店内では常時プロジェクションが行われていたが、照明の影響でぼんやりとしか見えない。実機は天井にあって細部を確認できないし、ショーケースでの展示さえ無いし、あまり売る気がないのだろうか。とりあえず店員さんにプロジェクター付近の照明を落としてもらうようお願いし、じっくり見てみた。

パっと見て、ライカ特有の透明な空気感がプロジェクター上でよく再現されているのがすぐに分かった。通常のデジタルプロジェクターで見る地デジのようなクッキリハッキリカチコチ画像とは明らかに違う世界だ。いかにもライカのデジカメ画像と相性が良さそうな雰囲気が伝わってきて、フィルム派の自分でも拒否反応を起こさず画像を眺めていられる。

解像度については230万画素程度だから、近づいてしまえばやはりそれなりの解像でしかない。しかし画像全体を把握できる通常の位置で鑑賞すると、解像感の低さはほとんど感じない。それよりも前述の空気感や虚飾の無い色表現により、素直に美しいと感じる事ができる。

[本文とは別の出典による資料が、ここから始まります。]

(* Let $z\in\mathbb{R}^n$ satisfy $\dim\big(\Diamond_n\cap(z+\Diamond_n)\big)=n$. Then $$\big(\Diamond_n\cap(z+\Diamond_n)\big)\setminus\big(\operatorname{int}(\Diamond_n)\cup\operatorname{int}(z+\Diamond_n)\big)\subset\big(\Diamond_n\cap(z+\Diamond_n)\big)\setminus\bigcap_{i=1}^n\big(H^{(i)}\cup(z+H^{(i)})\big).$$
   Context: $\Diamond_n=\operatorname{conv}(\pm e_1,\ldots,\pm e_n)\subset\mathbb{R}^n$; $\operatorname{int}$ denotes interior; $H^{(i)}=\{x\in\mathbb{R}^n: x_i=0\}$ is the $i$-th coordinate hyperplane, the span of $e_j$, $j\ne i$. *)

theory Defs
  imports "HOL-Analysis.Analysis"
begin

definition cross_polytope :: "(real ^ 'n) set" where
  "cross_polytope = convex hull ((\<lambda>i. axis i 1) ` UNIV \<union> (\<lambda>i. axis i (-1)) ` UNIV)"

definition coord_hyperplane :: "'n \<Rightarrow> (real ^ 'n) set" where
  "coord_hyperplane i = {x. x $ i = 0}"

end

theory Submission
  imports Defs
begin

text \<open>The cross-polytope is the closed unit ball of the \<open>\<ell>\<^sub>1\<close>-norm. A point of the
intersection lying in neither interior therefore has \<open>\<parallel>x\<parallel>\<^sub>1 = \<parallel>x - z\<parallel>\<^sub>1 = 1\<close>. If moreover
every coordinate satisfies \<open>x\<^sub>i = 0\<close> or \<open>x\<^sub>i = z\<^sub>i\<close>, then \<open>\<parallel>z\<parallel>\<^sub>1 = \<parallel>x\<parallel>\<^sub>1 + \<parallel>x - z\<parallel>\<^sub>1 = 2\<close>.
But two unit \<open>\<ell>\<^sub>1\<close>-balls whose centres are at distance 2 touch only inside the hyperplane
\<open>sgn(z) \<bullet> y = 1\<close>, so the intersection would not be full-dimensional.\<close>

definition l1_norm :: "real ^ 'n \<Rightarrow> real" where
  "l1_norm x = (\<Sum>i\<in>UNIV. \<bar>x $ i\<bar>)"

lemma l1_norm_minus_commute: "l1_norm (x - y) = l1_norm (y - x)"
  unfolding l1_norm_def by (intro sum.cong) auto

lemma l1_norm_axis: "l1_norm (axis i c :: real ^ 'n) = \<bar>c\<bar>"
proof -
  have "l1_norm (axis i c :: real ^ 'n) = (\<Sum>j\<in>UNIV. if j = i then \<bar>c\<bar> else 0)"
    unfolding l1_norm_def by (intro sum.cong) (auto simp: axis_def)
  then show ?thesis by simp
qed

lemma convex_l1_ball: "convex {x :: real ^ 'n. l1_norm x \<le> r}"
proof (rule convexI)
  fix x y :: "real ^ 'n" and u v :: real
  assume x: "x \<in> {x. l1_norm x \<le> r}" and y: "y \<in> {x. l1_norm x \<le> r}"
    and u: "0 \<le> u" and v: "0 \<le> v" and uv: "u + v = 1"
  have "l1_norm (u *\<^sub>R x + v *\<^sub>R y) \<le> (\<Sum>i\<in>UNIV. u * \<bar>x $ i\<bar> + v * \<bar>y $ i\<bar>)"
    unfolding l1_norm_def
  proof (rule sum_mono)
    fix i
    have "\<bar>u * x $ i + v * y $ i\<bar> \<le> \<bar>u * x $ i\<bar> + \<bar>v * y $ i\<bar>" by (rule abs_triangle_ineq)
    then show "\<bar>(u *\<^sub>R x + v *\<^sub>R y) $ i\<bar> \<le> u * \<bar>x $ i\<bar> + v * \<bar>y $ i\<bar>"
      using u v by (simp add: abs_mult)
  qed
  also have "\<dots> = u * l1_norm x + v * l1_norm y"
    by (simp add: l1_norm_def sum.distrib sum_distrib_left)
  also have "\<dots> \<le> u * r + v * r" using x y u v by (intro add_mono mult_left_mono) auto
  also have "\<dots> = r" using uv by (metis distrib_right mult_1)
  finally show "u *\<^sub>R x + v *\<^sub>R y \<in> {x. l1_norm x \<le> r}" by simp
qed

lemma convex_sum_le_1:
  fixes S :: "'a::real_vector set"
  assumes "convex S" "0 \<in> S" "finite A" "\<And>i. i \<in> A \<Longrightarrow> u i \<ge> 0" "sum u A \<le> 1"
    "\<And>i. i \<in> A \<Longrightarrow> p i \<in> S"
  shows "(\<Sum>i\<in>A. u i *\<^sub>R p i) \<in> S"
proof (cases "sum u A = 0")
  case True
  then have "\<forall>i\<in>A. u i = 0" using sum_nonneg_eq_0_iff assms(3,4) by blast
  then show ?thesis using assms(2) by simp
next
  case False
  define t where "t = sum u A"
  have t: "t > 0" using False assms(4) sum_nonneg unfolding t_def by (metis less_eq_real_def)
  have "(\<Sum>i\<in>A. (u i / t) *\<^sub>R p i) \<in> S"
    using t assms by (intro convex_sum) (auto simp: t_def sum_divide_distrib[symmetric])
  then have "t *\<^sub>R (\<Sum>i\<in>A. (u i / t) *\<^sub>R p i) + (1 - t) *\<^sub>R 0 \<in> S"
    using convexD[OF assms(1) _ assms(2), of _ t "1 - t"] t assms(5) t_def by auto
  moreover have "t *\<^sub>R (\<Sum>i\<in>A. (u i / t) *\<^sub>R p i) = (\<Sum>i\<in>A. u i *\<^sub>R p i)"
    using t by (simp add: scaleR_sum_right)
  ultimately show ?thesis by simp
qed

lemma zero_in_cross_polytope: "(0 :: real ^ 'n) \<in> cross_polytope"
proof -
  obtain i :: 'n where True by simp
  have "(1/2) *\<^sub>R axis i (1::real) + (1/2) *\<^sub>R axis i (-1) \<in> cross_polytope"
    unfolding cross_polytope_def by (intro convexD convex_convex_hull hull_inc) auto
  moreover have "(1/2) *\<^sub>R axis i (1::real) + (1/2) *\<^sub>R axis i (-1) = (0 :: real ^ 'n)"
    by (simp add: axis_def vec_eq_iff)
  ultimately show ?thesis by simp
qed

lemma cross_polytope_eq_l1_ball: "cross_polytope = {x :: real ^ 'n. l1_norm x \<le> 1}"
proof
  show "cross_polytope \<subseteq> {x :: real ^ 'n. l1_norm x \<le> 1}"
    unfolding cross_polytope_def
    by (rule hull_minimal) (auto simp: l1_norm_axis convex_l1_ball)
next
  show "{x :: real ^ 'n. l1_norm x \<le> 1} \<subseteq> cross_polytope"
  proof
    fix x :: "real ^ 'n"
    assume "x \<in> {x. l1_norm x \<le> 1}"
    then have x: "l1_norm x \<le> 1" by simp
    define p where "p i = (if x $ i \<ge> 0 then axis i 1 else axis i (-1) :: real ^ 'n)" for i
    have "(\<Sum>i\<in>UNIV. \<bar>x $ i\<bar> *\<^sub>R p i) \<in> cross_polytope"
      using x zero_in_cross_polytope
      by (intro convex_sum_le_1)
        (auto simp: l1_norm_def p_def cross_polytope_def intro: hull_inc)
    moreover have "(\<Sum>i\<in>UNIV. \<bar>x $ i\<bar> *\<^sub>R p i) = x"
    proof -
      have "(\<Sum>i\<in>UNIV. \<bar>x $ i\<bar> *\<^sub>R p i) = (\<Sum>i\<in>UNIV. x $ i *\<^sub>R axis i 1)"
        by (intro sum.cong) (auto simp: p_def axis_def vec_eq_iff)
      also have "\<dots> = x"
        by (simp add: vec_eq_iff sum_component axis_def if_distrib cong: if_cong)
      finally show ?thesis .
    qed
    ultimately show "x \<in> cross_polytope" by simp
  qed
qed

lemma l1_norm_eq_1_if_boundary:
  assumes "x \<in> cross_polytope - interior cross_polytope"
  shows "l1_norm x = 1"
proof -
  have "open {x :: real ^ 'n. l1_norm x < 1}"
    unfolding l1_norm_def by (intro open_Collect_less continuous_intros)
  then have "{x :: real ^ 'n. l1_norm x < 1} \<subseteq> interior cross_polytope"
    by (intro interior_maximal) (auto simp: cross_polytope_eq_l1_ball)
  with assms show ?thesis by (force simp: cross_polytope_eq_l1_ball)
qed

lemma l1_norm_eq_sum_if_coordinatewise_between:
  assumes "\<And>i. x $ i = 0 \<or> x $ i = z $ i"
  shows "l1_norm z = l1_norm x + l1_norm (x - z)"
proof -
  have "\<bar>z $ i\<bar> = \<bar>x $ i\<bar> + \<bar>(x - z) $ i\<bar>" for i
    using assms[of i] by auto
  then show ?thesis by (simp add: l1_norm_def sum.distrib)
qed

lemma inner_sgn_le_l1_norm: "(\<chi> i. sgn (z $ i)) \<bullet> y \<le> l1_norm y"
  unfolding inner_vec_def l1_norm_def by (intro sum_mono) (simp add: sgn_if abs_if)

lemma inner_sgn_self: "(\<chi> i. sgn (z $ i)) \<bullet> z = l1_norm z"
  by (simp add: inner_vec_def l1_norm_def sgn_mult_self_eq abs_sgn mult.commute)

lemma l1_balls_touch_in_hyperplane:
  assumes "l1_norm z = 2 * r"
  shows "{x. l1_norm x \<le> r} \<inter> {x. l1_norm (x - z) \<le> r} \<subseteq> {y. (\<chi> i. sgn (z $ i)) \<bullet> y = r}"
proof
  fix y assume y: "y \<in> {x. l1_norm x \<le> r} \<inter> {x. l1_norm (x - z) \<le> r}"
  let ?s = "\<chi> i. sgn (z $ i)"
  have "?s \<bullet> y \<le> r" using inner_sgn_le_l1_norm[of z y] y by simp
  moreover have "?s \<bullet> (z - y) \<le> r"
    using inner_sgn_le_l1_norm[of z "z - y"] y l1_norm_minus_commute[of y z] by simp
  then have "?s \<bullet> y \<ge> r"
    using assms inner_sgn_self[of z] by (simp add: inner_diff_right)
  ultimately show "y \<in> {y. ?s \<bullet> y = r}" by simp
qed

lemma aff_dim_cross_polytope_inter_lt:
  fixes z :: "real ^ 'n"
  assumes "l1_norm z = 2"
  shows "aff_dim (cross_polytope \<inter> (+) z ` cross_polytope) < int CARD('n)"
proof -
  let ?s = "\<chi> i. sgn (z $ i)"
  have "(+) z ` cross_polytope = {x. l1_norm (x - z) \<le> 1}"
    by (force simp: cross_polytope_eq_l1_ball)
  then have "cross_polytope \<inter> (+) z ` cross_polytope \<subseteq> {y. ?s \<bullet> y = 1}"
    using l1_balls_touch_in_hyperplane[of z 1] assms by (simp add: cross_polytope_eq_l1_ball)
  then have "aff_dim (cross_polytope \<inter> (+) z ` cross_polytope) \<le> aff_dim {y. ?s \<bullet> y = 1}"
    by (rule aff_dim_subset)
  also have "\<dots> = int CARD('n) - 1"
  proof -
    have "?s \<noteq> 0" using assms inner_sgn_self[of z] by auto
    then show ?thesis using aff_dim_hyperplane[of ?s 1] by simp
  qed
  finally show ?thesis by simp
qed

theorem lemma6p3:
  fixes z :: "real ^ 'n"
  assumes "aff_dim (cross_polytope \<inter> ((+) z ` cross_polytope)) = int CARD('n)"
  shows "(cross_polytope \<inter> ((+) z ` cross_polytope))
           - (interior cross_polytope \<union> interior ((+) z ` cross_polytope))
         \<subseteq> (cross_polytope \<inter> ((+) z ` cross_polytope))
           - (\<Inter>i. coord_hyperplane i \<union> (+) z ` coord_hyperplane i)"
proof (intro subsetI DiffI)
  fix x
  assume x: "x \<in> (cross_polytope \<inter> ((+) z ` cross_polytope))
    - (interior cross_polytope \<union> interior ((+) z ` cross_polytope))"
  then show "x \<in> cross_polytope \<inter> ((+) z ` cross_polytope)" by simp
  have "l1_norm x = 1"
    using x by (intro l1_norm_eq_1_if_boundary) simp
  moreover have "l1_norm (x - z) = 1"
    using x by (intro l1_norm_eq_1_if_boundary) (force simp: interior_translation)
  ultimately have z_not_split: "l1_norm z \<noteq> l1_norm x + l1_norm (x - z)"
    using assms aff_dim_cross_polytope_inter_lt[of z] by auto
  show "x \<notin> (\<Inter>i. coord_hyperplane i \<union> (+) z ` coord_hyperplane i)"
  proof
    assume "x \<in> (\<Inter>i. coord_hyperplane i \<union> (+) z ` coord_hyperplane i)"
    then have "x $ i = 0 \<or> x $ i = z $ i" for i
      by (auto simp: coord_hyperplane_def)
    then show False
      using l1_norm_eq_sum_if_coordinatewise_between z_not_split by blast
  qed
qed

end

致命的なのはやはり縦写真だ。横写真と混ぜてスライドショーされていると、縦写真が来た時には思わず「ショボ!」と叫びそうになる。PCディスプレイで見る縦写真はそれほどショボくは見えないが、プロジェクターだとなぜかショボ感がアップしてしまう。やはりプロジェクションは大きさが命であり、物理的な大きさと心理的な感動が直結してしまう事を改めて痛感した。この縦写真問題が解決されない限り、一枚一枚をじっくり見るような写真鑑賞の道具とはなり得ないであろう。それは予め想像できていた事ではあるけども、実際には想像以上。ちなみに縦置きでの使用は避けるようマニュアルに記述がある。

そのかわりPCライクなフォトスライドショーを流して見るにはかなりうってつけな感じで、自宅のリビングで気軽にこんなものを楽しめるとしたら、まあ相当オシャレだろうと思う。その為だけにこれを買える財力があり、なおかつそういう心理的な余裕がある生活なら、それは素直に羨ましい事だ。とはいえ現実的には、ちょっとオシャレな店舗のディスプレイ用途というのが、値段も含めて最も納得しやすい用途ではあるけど。

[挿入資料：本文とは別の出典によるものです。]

lemma euler_char_sprod:
  assumes "finite (fst G)" "finite (fst H)"
  shows "euler_char (G \<boxtimes>\<^sub>g H) = euler_char G * euler_char H"
proof -
  let ?Q = "{S. fst ` S \<in> cliques G \<and> snd ` S \<in> cliques H}"
  have Q: "?Q \<subseteq> Pow (fst G \<times> fst H)"
    by (auto dest: subset_times_if_projections_in_cliques)
  have "finite (fst (G \<boxtimes>\<^sub>g H))"
    using assms by (rule finite_fst_sprod)
  then have "euler_char (G \<boxtimes>\<^sub>g H) = (\<Sum>C\<in>cliques (G \<boxtimes>\<^sub>g H). - ((-1) ^ card C))"
    by (rule euler_char_cliques)
  also have "\<dots> = (\<Sum>C\<in>image prod_encode ` ?Q. - ((-1) ^ card C))"
    by (simp only: cliques_sprod)
  also have "\<dots> = (\<Sum>S\<in>?Q. - ((-1) ^ card S))"
    using inj_on_subset[OF inj_prod_encode subset_UNIV] Q by (rule sum_image_image_card)
  also have "\<dots> = (\<Sum>p\<in>cliques G \<times> cliques H.
      \<Sum>S\<in>{S \<in> ?Q. (fst ` S, snd ` S) = p}. - ((-1) ^ card S))"
    using assms finite_subset[OF Q] by (intro sum.group[symmetric] finite_cliques finite_SigmaI) auto
  also have "\<dots> = (\<Sum>(A, B)\<in>cliques G \<times> cliques H. - ((-1) ^ card A) * - ((-1) ^ card B))"
  proof (rule sum.cong[OF refl], clarify)
    fix A B assume AB: "A \<in> cliques G" "B \<in> cliques H"
    then have "{S \<in> ?Q. (fst ` S, snd ` S) = (A, B)} = bitotal_rels A B"
      unfolding bitotal_rels_eq by blast
    moreover have "finite A" "A \<noteq> {}" "finite B" "B \<noteq> {}"
      using AB assms by (auto simp: cliques_def dest: finite_subset)
    ultimately show "(\<Sum>S\<in>{S \<in> ?Q. (fst ` S, snd ` S) = (A, B)}. - ((-1::int) ^ card S)) =
        - ((-1) ^ card A) * - ((-1) ^ card B)"
      by (simp add: sum_negf sum_bitotal_rels power_add)
  qed
  also have "\<dots> = euler_char G * euler_char H"
    using assms by (simp add: euler_char_cliques sum_product sum.cartesian_product)
  finally show ?thesis .
qed

lemma wf_gg_finite: "wf_gg p \<Longrightarrow> finite (fst (fst p)) \<and> finite (fst (snd p))"
  by (simp add: wf_gg_def wf_graph_def)

lemma gg_chi_add: "wf_gg p \<Longrightarrow> wf_gg q \<Longrightarrow> gg_chi (gg_add p q) = gg_chi p + gg_chi q"
  by (simp add: wf_gg_finite gg_chi_def gg_add_def euler_char_dunion)

lemma gg_chi_mul: "wf_gg p \<Longrightarrow> wf_gg q \<Longrightarrow> gg_chi (gg_mul p q) = gg_chi p * gg_chi q"
  by (simp add: wf_gg_finite gg_chi_def gg_mul_def euler_char_dunion euler_char_sprod
      finite_fst_sprod algebra_simps)

lemma gg_chi_eq_if_gg_eq:
  assumes "wf_gg p" "wf_gg q" "gg_eq p q"
  shows "gg_chi p = gg_chi q"
proof -
  obtain K where "finite (fst K)"
    and iso: "graph_iso (fst p \<oplus>\<^sub>g snd q \<oplus>\<^sub>g K) (snd p \<oplus>\<^sub>g fst q \<oplus>\<^sub>g K)"
    using assms(3) by (auto simp: gg_eq_def wf_graph_def)
  moreover note wf_gg_finite[OF assms(1)] wf_gg_finite[OF assms(2)]
  ultimately have "euler_char (fst p \<oplus>\<^sub>g snd q \<oplus>\<^sub>g K) = euler_char (snd p \<oplus>\<^sub>g fst q \<oplus>\<^sub>g K)"
    by (simp add: euler_char_iso finite_fst_dunion)
  with \<open>finite (fst K)\<close> show ?thesis
    using wf_gg_finite[OF assms(1)] wf_gg_finite[OF assms(2)]
    by (simp add: gg_chi_def euler_char_dunion finite_fst_dunion)
qed

theorem mainTheorem3:
  shows "(\<forall>p q. wf_gg p \<longrightarrow> wf_gg q \<longrightarrow> gg_eq p q \<longrightarrow> gg_chi p = gg_chi q)
    \<and> gg_chi gg_zero = 0
    \<and> gg_chi gg_one = 1
    \<and> (\<forall>p q. wf_gg p \<longrightarrow> wf_gg q \<longrightarrow> gg_chi (gg_add p q) = gg_chi p + gg_chi q)
    \<and> (\<forall>p q. wf_gg p \<longrightarrow> wf_gg q \<longrightarrow> gg_chi (gg_mul p q) = gg_chi p * gg_chi q)"
proof (intro conjI allI impI)
  fix p q assume "wf_gg p" "wf_gg q"
  then show "gg_eq p q \<Longrightarrow> gg_chi p = gg_chi q"
    and "gg_chi (gg_add p q) = gg_chi p + gg_chi q"
    and "gg_chi (gg_mul p q) = gg_chi p * gg_chi q"
    by (simp_all add: gg_chi_eq_if_gg_eq gg_chi_add gg_chi_mul)
next
  show "gg_chi gg_zero = 0"
    by (simp add: gg_chi_def gg_zero_def euler_char_empty_graph)
  show "gg_chi gg_one = 1"
    by (simp add: gg_chi_def gg_one_def euler_char_empty_graph euler_char_K1)
qed

end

もう一つの特徴として、軽量コンパクトな事がやたら強調されて宣伝されている事にも気付く。積極的に持ち運んでフォトプレゼンテーションするような用途を見込んでいるのだろうか。確かに出先で拝借できるプロジェクターはデータプロジェクターが多いだろうから、少しでも写真を見映えよく見せようとこれを持ち運ぶシーンは容易に想像できる。少なくとも漬物石のように重いスライドプロジェクターを持ち運んでいる人にとっては、3.6kgという重量は魅力に思えるだろう。